─── THE DATA

fun wf_lterm :: "lterm \<Rightarrow> bool" where
  "wf_lterm (Xg i) = (i \<in> {1,2,3})"
| "wf_lterm (Yg i) = (i \<in> {1,2,3})"
| "wf_lterm Top = True"
| "wf_lterm (Join a b) = (wf_lterm a \<and> wf_lterm b)"
| "wf_lterm (Meet a b) = (wf_lterm a \<and> wf_lterm b)"

definition ssum :: "'v::ab_group_add set \<Rightarrow> 'v set \<Rightarrow> 'v set" where
  "ssum A B = {a + b | a b. a \<in> A \<and> b \<in> B}"

fun rep_eval :: "'v::ab_group_add set \<Rightarrow> (nat \<Rightarrow> 'v set) \<Rightarrow> (nat \<Rightarrow> 'v set) \<Rightarrow> lterm \<Rightarrow> 'v set" where
  "rep_eval X Xs Ys (Xg i) = Xs i"
| "rep_eval X Xs Ys (Yg i) = Ys i"
| "rep_eval X Xs Ys Top = X"
| "rep_eval X Xs Ys (Join a b) = ssum (rep_eval X Xs Ys a) (rep_eval X Xs Ys b)"
| "rep_eval X Xs Ys (Meet a b) = rep_eval X Xs Ys a \<inter> rep_eval X Xs Ys b"

definition is_rep :: "('k::field \<Rightarrow> 'v::ab_group_add \<Rightarrow> 'v) \<Rightarrow> 'v set \<Rightarrow> (nat \<Rightarrow> 'v set) \<Rightarrow> (nat \<Rightarrow> 'v set) \<Rightarrow> bool" where
  "is_rep scale X Xs Ys \<longleftrightarrow>
     module.subspace scale X \<and>
     (\<exists>B. finite B \<and> B \<subseteq> X \<and> module.span scale B = X) \<and>
     (\<forall>i\<in>{1,2,3}. module.subspace scale (Xs i) \<and> module.subspace scale (Ys i) \<and>
                    Xs i \<subseteq> Ys i \<and> Ys i \<subseteq> X)"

──────

### YOUR INSTRUCTIONS
Output the entries above word for word.

### ANSWER SECTION
fun wf_lterm :: "lterm \<Rightarrow> bool" where
  "wf_lterm (Xg i) = (i \<in> {1,2,3})"
| "wf_lterm (Yg i) = (i \<in> {1,2,3})"
| "wf_lterm Top = True"
| "wf_lterm (Join a b) = (wf_lterm a \<and> wf_lterm b)"
| "wf_lterm (Meet a b) = (wf_lterm a \<and> wf_lterm b)"

definition ssum :: "'v::ab_group_add set \<Rightarrow> 'v set \<Rightarrow> 'v set" where
  "ssum A B = {a + b | a b. a \<in> A \<and> b \<in> B}"

fun rep_eval :: "'v::ab_group_add set \<Rightarrow> (nat \<Rightarrow> 'v set) \<Rightarrow> (nat \<Rightarrow> 'v set) \<Rightarrow> lterm \<Rightarrow> 'v set" where
  "rep_eval X Xs Ys (Xg i) = Xs i"
| "rep_eval X Xs Ys (Yg i) = Ys i"
| "rep_eval X Xs Ys Top = X"
| "rep_eval X Xs Ys (Join a b) = ssum (rep_eval X Xs Ys a) (rep_eval X Xs Ys b)"
| "rep_eval X Xs Ys (Meet a b) = rep_eval X Xs Ys a \<inter> rep_eval X Xs Ys b"

definition is_rep :: "('k::field \<Rightarrow> 'v::ab_group_add \<Rightarrow> 'v) \<Rightarrow> 'v set \<Rightarrow> (nat \<Rightarrow> 'v set) \<Rightarrow> (nat \<Rightarrow> 'v set) \<Rightarrow> bool" where
  "is_rep scale X Xs Ys \<longleftrightarrow>
     module.subspace scale X \<and>
     (\<exists>B. finite B \<and> B \<subseteq> X \<and> module.span scale B = X) \<and>
     (\<forall>i\<in>{1,2,3}. module.subspace scale (Xs i) \<and> module.subspace scale (Ys i) \<and>
                    Xs i \<subseteq> Ys i \<and> Ys i \<subseteq> X)"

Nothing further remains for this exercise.